Stored data:
lemma xdist_geod_end_le:
  assumes "u \<in> VW G Ps" "geod_from_to G S a c p l"
  shows "xdist G S u c \<le> xdist G S u (Inl (p i)) + (l - i)"
proof -
  have p: "cgeod G S p l" "p l \<in> elts c" using assms(2) unfolding geod_from_to_def by auto
  have "wdist G S (p i) (p l) \<le> l - i"
    using cgeod_wdist_le[OF p(1), of i l] cgeod_eq_end[OF p(1), of i] wdist_refl
    by (cases "i \<le> l") auto
  then show ?thesis
    using xdist_triangle_Inl[OF assms(1) cgeod_carrier[OF p(1), of i] p(2) cgeod_carrier[OF p(1), of l]]
    by linarith
qed

lemma geodesic_exists:
  assumes "a \<in> VW G Ps" "c \<in> VW G Ps"
  obtains p where "geod_from_to G S a c p (xdist G S a c)"
proof -
  obtain g h where gh: "g \<in> elts a" "h \<in> elts c" "xdist G S a c = wdist G S g h"
    by (rule xdist_attained[OF elts_VW(2)[OF assms(1)] elts_VW(2)[OF assms(2)]])
  define l where "l = wdist G S g h"
  obtain p where p: "walk (cay_adj G S) p l" "p 0 = g" "p l = h"
    using gdist_walk[OF reachable_cayley] gh elts_VW(1) assms unfolding l_def wdist_def by blast
  have "walk (cay_adj G S) (\<lambda>i. p (min i l)) l" using p(1) unfolding walk_def by simp
  then have "geod_from_to G S a c (\<lambda>i. p (min i l)) l"
    using p gh elts_VW(1)[OF assms(1)] unfolding geod_from_to_def cgeod_def l_def by auto
  then show ?thesis using that gh(3) l_def by simp
qed

lemma geodesic_reverse:
  assumes "geod_from_to G S a c p l" "a \<in> VW G Ps" "c \<in> VW G Ps"
  shows "geod_from_to G S c a (\<lambda>k. p (l - k)) l"
proof -
  have p: "cgeod G S p l" "l = xdist G S a c" "p 0 \<in> elts a" "p l \<in> elts c"
    using assms(1) unfolding geod_from_to_def by auto
  have "walk (cay_adj G S) (\<lambda>k. p (l - k)) l" using walk_reverse[OF symp_cay_adj cgeodD(1)[OF p(1)]] .
  then have "cgeod G S (\<lambda>k. p (l - k)) l"
    unfolding cgeod_def using cgeod_carrier[OF p(1)] cgeodD(3)[OF p(1)] wdist_sym[of G S "p l" "p 0"] by simp
  then show ?thesis unfolding geod_from_to_def using p xdist_sym_VW[OF assms(2,3)] by simp
qed

end

section \<open>The thin point of a geodesic triangle\<close>

text \<open>The vertex \<open>z\<close> of the thin-triangle condition: the coset in which \<open>p\<^sub>i\<close> is deep, if there
  is one, and \<open>p\<^sub>i\<close> itself otherwise.\<close>
definition thin_point ::
    "('a, 'b) monoid_scheme \<Rightarrow> 'a set \<Rightarrow> 'a set set \<Rightarrow> nat \<Rightarrow> nat \<Rightarrow> (nat \<Rightarrow> 'a) \<Rightarrow> nat \<Rightarrow> nat \<Rightarrow> 'a + 'a set"
  where "thin_point G S Ps \<epsilon> R p l i =
    (if \<exists>w \<in> cosetsW G Ps. deep G S \<epsilon> R p l i w
     then Inr (SOME w. w \<in> cosetsW G Ps \<and> deep G S \<epsilon> R p l i w) else Inl (p i))"

lemma thin_point_cases:
  obtains "thin_point G S Ps \<epsilon> R p l i = Inl (p i)" "\<nexists>w. w \<in> cosetsW G Ps \<and> deep G S \<epsilon> R p l i w"
  | w where "w \<in> cosetsW G Ps" "deep G S \<epsilon> R p l i w" "thin_point G S Ps \<epsilon> R p l i = Inr w"
proof (cases "\<exists>w. w \<in> cosetsW G Ps \<and> deep G S \<epsilon> R p l i w")
  case True
  then have "thin_point G S Ps \<epsilon> R p l i = Inr (SOME w. w \<in> cosetsW G Ps \<and> deep G S \<epsilon> R p l i w)"
    unfolding thin_point_def by auto
  with someI_ex[OF True] show ?thesis using that(2) by blast
next
  case False
  then show ?thesis using that(1) unfolding thin_point_def by auto
qed

lemma thin_triangle_constants_bounds: "thin_triangle_constants G S Ps \<epsilon> R D \<Longrightarrow> 0 < D \<and> \<epsilon> \<le> D"
  unfolding thin_triangle_constants_def by (elim conjE) (intro conjI)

Task description: Every line above that holds the string "open" should be copied out.

Response:
section \<open>The thin point of a geodesic triangle\<close>
text \<open>The vertex \<open>z\<close> of the thin-triangle condition: the coset in which \<open>p\<^sub>i\<close> is deep, if there
  is one, and \<open>p\<^sub>i\<close> itself otherwise.\<close>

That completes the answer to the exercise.